What you will do: The answer is to be all of the data below, reproduced exactly.

(Dataset excerpts)
_ _ _ _

(* Let $K:\mathbb G\setminus\{0\}\to\mathbb R$ be continuous with $|K(p)|\le B/d(p,0)$ for all $p\ne0$. Let $\mu$ be a $1$-regular Radon measure on $\mathbb G$ with regularity constant $C_R$ such that $\operatorname{supp}\mu=A\cup B'$, where $B'$ is bounded and $\operatorname{dist}(A,B')\ge\operatorname{diam}(B')$. Let $\mu_1=\mu|_A$ and $\mu_2=\mu|_{B'}$. If $$\|T_{\mu_1}\|_{L^2(\mu_1)\to L^2(\mu_1)}\le C_1<\infty\quad\text{and}\quad\|T_{\mu_2}\|_{L^2(\mu_2)\to L^2(\mu_2)}\le C_2<\infty,$$ then $\|T_\mu\|_{L^2(\mu)\to L^2(\mu)}\le C$ for a constant $C$ depending only on $C_1,C_2,C_R$ and $B$ (and $\mathbb G,d$).
   Context: $\mathbb G$ is a Carnot group (identified with $\mathbb R^N$ via exponential coordinates, identity $0$) equipped with a fixed left-invariant metric $d$ homogeneous with respect to the Carnot dilations; $B(p,r)$ are $d$-balls. A Radon measure $\mu$ is $1$-regular with constant $C_R\ge1$ if $C_R^{-1}r\le\mu(B(p,r))\le C_Rr$ for all $p\in\operatorname{supp}\mu$ and $0<r\le\operatorname{diam}(\operatorname{supp}\mu)$. For an upper $1$-regular measure $\nu$ (i.e. $\nu(B(p,r))\lesssim r$) and $\varepsilon>0$, $T_{\nu,\varepsilon}f(p)=\int_{d(p,q)>\varepsilon}K(q^{-1}p)f(q)\,d\nu(q)$, and $\|T_\nu\|_{L^2(\nu)\to L^2(\nu)}$ denotes the least $C$ with $\|T_{\nu,\varepsilon}f\|_{L^2(\nu)}\le C\|f\|_{L^2(\nu)}$ for all $f\in L^2(\nu)$ and all $\varepsilon>0$. *)

theory Defs
  imports "HOL-Analysis.Analysis" "HOL-Probability.Probability"
begin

_ _ _ _

Expected answer:
(* Let $K:\mathbb G\setminus\{0\}\to\mathbb R$ be continuous with $|K(p)|\le B/d(p,0)$ for all $p\ne0$. Let $\mu$ be a $1$-regular Radon measure on $\mathbb G$ with regularity constant $C_R$ such that $\operatorname{supp}\mu=A\cup B'$, where $B'$ is bounded and $\operatorname{dist}(A,B')\ge\operatorname{diam}(B')$. Let $\mu_1=\mu|_A$ and $\mu_2=\mu|_{B'}$. If $$\|T_{\mu_1}\|_{L^2(\mu_1)\to L^2(\mu_1)}\le C_1<\infty\quad\text{and}\quad\|T_{\mu_2}\|_{L^2(\mu_2)\to L^2(\mu_2)}\le C_2<\infty,$$ then $\|T_\mu\|_{L^2(\mu)\to L^2(\mu)}\le C$ for a constant $C$ depending only on $C_1,C_2,C_R$ and $B$ (and $\mathbb G,d$).
   Context: $\mathbb G$ is a Carnot group (identified with $\mathbb R^N$ via exponential coordinates, identity $0$) equipped with a fixed left-invariant metric $d$ homogeneous with respect to the Carnot dilations; $B(p,r)$ are $d$-balls. A Radon measure $\mu$ is $1$-regular with constant $C_R\ge1$ if $C_R^{-1}r\le\mu(B(p,r))\le C_Rr$ for all $p\in\operatorname{supp}\mu$ and $0<r\le\operatorname{diam}(\operatorname{supp}\mu)$. For an upper $1$-regular measure $\nu$ (i.e. $\nu(B(p,r))\lesssim r$) and $\varepsilon>0$, $T_{\nu,\varepsilon}f(p)=\int_{d(p,q)>\varepsilon}K(q^{-1}p)f(q)\,d\nu(q)$, and $\|T_\nu\|_{L^2(\nu)\to L^2(\nu)}$ denotes the least $C$ with $\|T_{\nu,\varepsilon}f\|_{L^2(\nu)}\le C\|f\|_{L^2(\nu)}$ for all $f\in L^2(\nu)$ and all $\varepsilon>0$. *)

theory Defs
  imports "HOL-Analysis.Analysis" "HOL-Probability.Probability"
begin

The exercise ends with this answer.